**Instructions for the task**.
Please find the lines in the entries below that contain the word "bullet", and copy each one.

(Stored items)
= Beginning of Section =

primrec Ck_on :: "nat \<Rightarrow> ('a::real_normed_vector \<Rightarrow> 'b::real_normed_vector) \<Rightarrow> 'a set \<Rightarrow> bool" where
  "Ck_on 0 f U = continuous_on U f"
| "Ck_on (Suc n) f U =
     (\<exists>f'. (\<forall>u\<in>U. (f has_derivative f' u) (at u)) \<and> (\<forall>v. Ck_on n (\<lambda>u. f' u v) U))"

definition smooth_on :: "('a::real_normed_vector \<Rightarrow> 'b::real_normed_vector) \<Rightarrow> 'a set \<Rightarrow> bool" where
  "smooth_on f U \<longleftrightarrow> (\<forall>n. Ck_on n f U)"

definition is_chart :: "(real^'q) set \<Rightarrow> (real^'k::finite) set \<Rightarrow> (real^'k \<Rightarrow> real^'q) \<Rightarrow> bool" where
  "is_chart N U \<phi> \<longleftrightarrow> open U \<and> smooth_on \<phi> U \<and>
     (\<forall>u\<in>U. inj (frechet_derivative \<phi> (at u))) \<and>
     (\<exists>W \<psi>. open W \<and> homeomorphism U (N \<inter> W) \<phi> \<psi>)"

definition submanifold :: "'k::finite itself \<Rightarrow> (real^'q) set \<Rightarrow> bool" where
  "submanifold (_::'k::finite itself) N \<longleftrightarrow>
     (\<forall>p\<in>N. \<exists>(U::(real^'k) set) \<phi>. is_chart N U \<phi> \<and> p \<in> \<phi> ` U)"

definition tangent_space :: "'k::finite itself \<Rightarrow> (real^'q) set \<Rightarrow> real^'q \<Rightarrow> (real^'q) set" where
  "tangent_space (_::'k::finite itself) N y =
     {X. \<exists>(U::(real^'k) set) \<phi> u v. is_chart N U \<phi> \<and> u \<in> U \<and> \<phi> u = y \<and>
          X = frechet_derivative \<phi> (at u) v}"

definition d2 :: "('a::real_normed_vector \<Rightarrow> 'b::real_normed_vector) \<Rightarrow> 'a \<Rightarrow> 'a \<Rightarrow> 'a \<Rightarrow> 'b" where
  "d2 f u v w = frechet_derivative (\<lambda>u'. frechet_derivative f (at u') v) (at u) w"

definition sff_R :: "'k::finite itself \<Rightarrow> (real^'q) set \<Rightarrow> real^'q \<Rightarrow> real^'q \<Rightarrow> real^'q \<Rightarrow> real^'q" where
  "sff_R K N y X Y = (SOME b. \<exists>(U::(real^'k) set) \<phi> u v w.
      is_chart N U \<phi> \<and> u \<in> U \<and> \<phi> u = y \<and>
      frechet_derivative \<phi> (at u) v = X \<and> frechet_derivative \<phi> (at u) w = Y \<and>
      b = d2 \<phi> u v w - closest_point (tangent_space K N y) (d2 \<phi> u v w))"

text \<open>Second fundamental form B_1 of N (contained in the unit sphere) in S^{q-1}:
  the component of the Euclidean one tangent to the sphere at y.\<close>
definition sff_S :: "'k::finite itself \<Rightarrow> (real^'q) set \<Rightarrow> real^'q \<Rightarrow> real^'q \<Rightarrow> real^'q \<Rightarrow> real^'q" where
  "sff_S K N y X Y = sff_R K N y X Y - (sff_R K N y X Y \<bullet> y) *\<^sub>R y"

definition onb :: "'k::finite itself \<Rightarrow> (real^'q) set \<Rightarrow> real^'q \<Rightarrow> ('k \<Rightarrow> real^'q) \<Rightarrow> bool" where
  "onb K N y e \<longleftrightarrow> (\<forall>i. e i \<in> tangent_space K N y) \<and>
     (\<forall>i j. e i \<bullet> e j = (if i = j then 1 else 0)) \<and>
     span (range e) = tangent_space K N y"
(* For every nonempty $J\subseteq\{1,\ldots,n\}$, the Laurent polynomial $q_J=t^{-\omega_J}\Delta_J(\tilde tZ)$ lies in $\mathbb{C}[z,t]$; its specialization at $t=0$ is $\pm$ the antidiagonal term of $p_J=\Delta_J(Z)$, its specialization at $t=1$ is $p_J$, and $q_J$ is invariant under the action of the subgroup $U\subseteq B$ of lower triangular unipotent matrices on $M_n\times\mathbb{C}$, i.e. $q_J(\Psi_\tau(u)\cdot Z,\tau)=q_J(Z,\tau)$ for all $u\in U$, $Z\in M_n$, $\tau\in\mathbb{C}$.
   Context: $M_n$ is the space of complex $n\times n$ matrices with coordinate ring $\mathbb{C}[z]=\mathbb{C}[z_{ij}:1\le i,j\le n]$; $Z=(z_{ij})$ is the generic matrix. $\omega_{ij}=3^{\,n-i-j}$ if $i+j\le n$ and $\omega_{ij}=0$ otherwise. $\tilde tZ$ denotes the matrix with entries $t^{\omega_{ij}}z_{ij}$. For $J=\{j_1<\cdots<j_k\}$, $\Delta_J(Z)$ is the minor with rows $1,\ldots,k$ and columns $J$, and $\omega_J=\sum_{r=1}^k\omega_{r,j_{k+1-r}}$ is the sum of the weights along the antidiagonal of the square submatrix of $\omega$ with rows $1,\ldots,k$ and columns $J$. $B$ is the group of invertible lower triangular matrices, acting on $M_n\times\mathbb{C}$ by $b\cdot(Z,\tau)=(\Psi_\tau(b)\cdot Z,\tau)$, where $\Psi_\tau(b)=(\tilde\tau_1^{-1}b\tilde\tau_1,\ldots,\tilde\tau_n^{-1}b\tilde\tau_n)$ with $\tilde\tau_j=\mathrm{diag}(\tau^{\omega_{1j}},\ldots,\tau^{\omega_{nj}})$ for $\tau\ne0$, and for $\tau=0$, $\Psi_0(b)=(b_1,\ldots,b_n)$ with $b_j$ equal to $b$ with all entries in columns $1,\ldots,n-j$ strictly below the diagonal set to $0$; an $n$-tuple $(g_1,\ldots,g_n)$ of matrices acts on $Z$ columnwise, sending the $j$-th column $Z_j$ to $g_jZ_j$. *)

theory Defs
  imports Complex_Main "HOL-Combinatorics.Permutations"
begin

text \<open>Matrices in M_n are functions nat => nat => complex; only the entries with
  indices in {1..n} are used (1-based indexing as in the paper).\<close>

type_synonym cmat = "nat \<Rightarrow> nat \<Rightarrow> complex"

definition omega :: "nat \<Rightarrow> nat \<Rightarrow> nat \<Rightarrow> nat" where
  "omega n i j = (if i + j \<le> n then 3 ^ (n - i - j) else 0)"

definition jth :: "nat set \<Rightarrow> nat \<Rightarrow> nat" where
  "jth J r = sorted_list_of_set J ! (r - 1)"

= End of Section =
= Beginning of Section =

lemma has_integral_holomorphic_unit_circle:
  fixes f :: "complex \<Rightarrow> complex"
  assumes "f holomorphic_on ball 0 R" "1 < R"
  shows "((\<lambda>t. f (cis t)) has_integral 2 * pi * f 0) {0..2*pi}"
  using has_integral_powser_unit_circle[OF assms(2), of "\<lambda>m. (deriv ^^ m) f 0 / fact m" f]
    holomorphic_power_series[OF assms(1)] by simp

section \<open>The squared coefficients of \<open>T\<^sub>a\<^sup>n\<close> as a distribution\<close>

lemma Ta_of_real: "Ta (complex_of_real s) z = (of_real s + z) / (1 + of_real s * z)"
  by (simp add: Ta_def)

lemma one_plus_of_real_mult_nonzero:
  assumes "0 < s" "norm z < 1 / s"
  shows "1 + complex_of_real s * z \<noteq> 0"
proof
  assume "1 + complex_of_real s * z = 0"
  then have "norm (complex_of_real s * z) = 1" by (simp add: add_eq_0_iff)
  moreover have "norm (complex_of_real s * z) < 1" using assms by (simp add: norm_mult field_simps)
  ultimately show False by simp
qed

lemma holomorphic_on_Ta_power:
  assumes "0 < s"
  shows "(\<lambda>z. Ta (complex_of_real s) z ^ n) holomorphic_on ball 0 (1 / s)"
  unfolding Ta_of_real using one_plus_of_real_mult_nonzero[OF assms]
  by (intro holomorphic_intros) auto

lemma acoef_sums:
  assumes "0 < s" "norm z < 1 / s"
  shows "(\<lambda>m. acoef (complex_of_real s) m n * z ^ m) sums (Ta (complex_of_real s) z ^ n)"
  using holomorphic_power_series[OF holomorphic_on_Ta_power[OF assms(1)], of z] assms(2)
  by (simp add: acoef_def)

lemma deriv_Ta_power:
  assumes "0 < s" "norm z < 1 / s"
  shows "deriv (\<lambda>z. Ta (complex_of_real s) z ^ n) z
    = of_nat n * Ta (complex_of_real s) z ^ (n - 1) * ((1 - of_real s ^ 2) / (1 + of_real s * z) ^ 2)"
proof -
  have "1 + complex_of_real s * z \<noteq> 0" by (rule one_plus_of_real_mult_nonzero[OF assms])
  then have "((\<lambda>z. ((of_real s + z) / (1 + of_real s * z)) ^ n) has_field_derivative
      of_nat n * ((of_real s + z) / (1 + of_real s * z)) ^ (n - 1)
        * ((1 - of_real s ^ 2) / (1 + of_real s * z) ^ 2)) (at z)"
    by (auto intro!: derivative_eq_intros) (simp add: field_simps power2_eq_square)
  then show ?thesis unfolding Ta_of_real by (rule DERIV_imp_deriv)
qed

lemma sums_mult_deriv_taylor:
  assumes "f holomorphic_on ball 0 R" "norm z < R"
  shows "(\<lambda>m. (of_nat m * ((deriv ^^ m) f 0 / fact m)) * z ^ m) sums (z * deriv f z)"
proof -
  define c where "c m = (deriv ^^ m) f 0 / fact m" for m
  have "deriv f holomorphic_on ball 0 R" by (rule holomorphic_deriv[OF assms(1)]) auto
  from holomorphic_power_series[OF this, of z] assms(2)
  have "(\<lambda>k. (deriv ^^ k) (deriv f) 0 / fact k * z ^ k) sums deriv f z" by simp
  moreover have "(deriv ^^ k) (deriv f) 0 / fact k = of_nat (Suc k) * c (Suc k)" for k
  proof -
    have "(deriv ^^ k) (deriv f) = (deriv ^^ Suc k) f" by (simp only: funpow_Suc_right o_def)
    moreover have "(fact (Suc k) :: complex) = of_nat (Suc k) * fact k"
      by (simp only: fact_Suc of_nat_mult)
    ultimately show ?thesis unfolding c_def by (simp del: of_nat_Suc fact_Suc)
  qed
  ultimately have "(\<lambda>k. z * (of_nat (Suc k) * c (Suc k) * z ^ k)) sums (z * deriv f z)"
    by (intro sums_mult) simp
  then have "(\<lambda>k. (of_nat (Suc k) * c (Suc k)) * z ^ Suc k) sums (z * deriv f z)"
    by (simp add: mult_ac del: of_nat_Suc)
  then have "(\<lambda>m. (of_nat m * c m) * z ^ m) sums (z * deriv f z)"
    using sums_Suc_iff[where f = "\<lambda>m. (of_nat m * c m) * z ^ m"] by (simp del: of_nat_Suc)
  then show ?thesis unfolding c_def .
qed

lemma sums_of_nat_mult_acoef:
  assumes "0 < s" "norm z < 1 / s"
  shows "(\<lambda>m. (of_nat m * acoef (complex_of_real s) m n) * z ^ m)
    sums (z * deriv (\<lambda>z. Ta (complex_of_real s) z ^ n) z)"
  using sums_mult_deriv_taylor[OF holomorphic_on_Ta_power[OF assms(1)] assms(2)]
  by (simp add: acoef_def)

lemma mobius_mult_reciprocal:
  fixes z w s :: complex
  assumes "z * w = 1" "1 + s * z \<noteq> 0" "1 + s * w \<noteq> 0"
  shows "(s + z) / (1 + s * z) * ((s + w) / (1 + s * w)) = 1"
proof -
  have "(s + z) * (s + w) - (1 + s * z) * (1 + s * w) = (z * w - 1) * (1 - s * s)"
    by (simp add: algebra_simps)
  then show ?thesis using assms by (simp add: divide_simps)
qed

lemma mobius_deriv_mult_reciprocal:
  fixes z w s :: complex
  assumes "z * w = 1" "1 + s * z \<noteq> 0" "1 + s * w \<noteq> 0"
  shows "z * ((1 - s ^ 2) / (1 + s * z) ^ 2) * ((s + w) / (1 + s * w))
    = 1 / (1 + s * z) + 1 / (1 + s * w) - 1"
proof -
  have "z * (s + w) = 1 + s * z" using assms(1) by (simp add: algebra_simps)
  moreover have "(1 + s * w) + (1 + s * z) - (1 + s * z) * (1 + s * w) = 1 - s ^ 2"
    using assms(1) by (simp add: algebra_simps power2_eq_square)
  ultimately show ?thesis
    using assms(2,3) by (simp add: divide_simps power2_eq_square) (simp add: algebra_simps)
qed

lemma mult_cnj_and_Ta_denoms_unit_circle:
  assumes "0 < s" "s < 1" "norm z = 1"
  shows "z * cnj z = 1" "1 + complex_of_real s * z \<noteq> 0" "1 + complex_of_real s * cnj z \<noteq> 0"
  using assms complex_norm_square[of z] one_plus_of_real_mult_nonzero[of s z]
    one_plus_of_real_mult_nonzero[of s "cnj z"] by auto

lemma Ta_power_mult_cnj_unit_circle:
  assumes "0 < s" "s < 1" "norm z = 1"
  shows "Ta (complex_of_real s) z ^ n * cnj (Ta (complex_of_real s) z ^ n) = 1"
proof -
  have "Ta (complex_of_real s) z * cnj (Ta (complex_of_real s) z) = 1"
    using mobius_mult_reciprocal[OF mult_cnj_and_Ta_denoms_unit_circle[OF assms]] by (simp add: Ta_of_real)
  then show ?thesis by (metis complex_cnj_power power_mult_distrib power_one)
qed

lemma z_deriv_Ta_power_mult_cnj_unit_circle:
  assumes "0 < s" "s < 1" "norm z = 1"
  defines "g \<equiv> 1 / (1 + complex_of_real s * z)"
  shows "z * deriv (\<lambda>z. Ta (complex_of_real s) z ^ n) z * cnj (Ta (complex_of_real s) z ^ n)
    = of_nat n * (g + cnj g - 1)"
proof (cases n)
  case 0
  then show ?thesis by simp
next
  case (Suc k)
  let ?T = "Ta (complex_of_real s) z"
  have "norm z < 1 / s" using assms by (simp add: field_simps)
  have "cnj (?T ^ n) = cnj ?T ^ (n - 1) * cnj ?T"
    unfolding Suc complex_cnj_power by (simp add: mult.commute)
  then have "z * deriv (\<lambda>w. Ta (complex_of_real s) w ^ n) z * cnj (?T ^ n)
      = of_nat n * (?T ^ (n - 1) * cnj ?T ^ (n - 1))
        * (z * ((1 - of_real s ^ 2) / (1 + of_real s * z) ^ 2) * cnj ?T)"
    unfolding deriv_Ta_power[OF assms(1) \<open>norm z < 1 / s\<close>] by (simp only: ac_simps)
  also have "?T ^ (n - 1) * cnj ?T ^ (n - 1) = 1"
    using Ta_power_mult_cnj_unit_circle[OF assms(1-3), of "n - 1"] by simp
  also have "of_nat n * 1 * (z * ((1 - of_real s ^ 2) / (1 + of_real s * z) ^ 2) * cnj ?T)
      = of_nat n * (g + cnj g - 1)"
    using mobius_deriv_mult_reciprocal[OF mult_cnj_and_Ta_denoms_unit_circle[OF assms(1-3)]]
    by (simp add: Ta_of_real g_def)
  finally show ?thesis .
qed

= End of Section =

**Exercise result**.
  "sff_S K N y X Y = sff_R K N y X Y - (sff_R K N y X Y \<bullet> y) *\<^sub>R y"
     (\<forall>i j. e i \<bullet> e j = (if i = j then 1 else 0)) \<and>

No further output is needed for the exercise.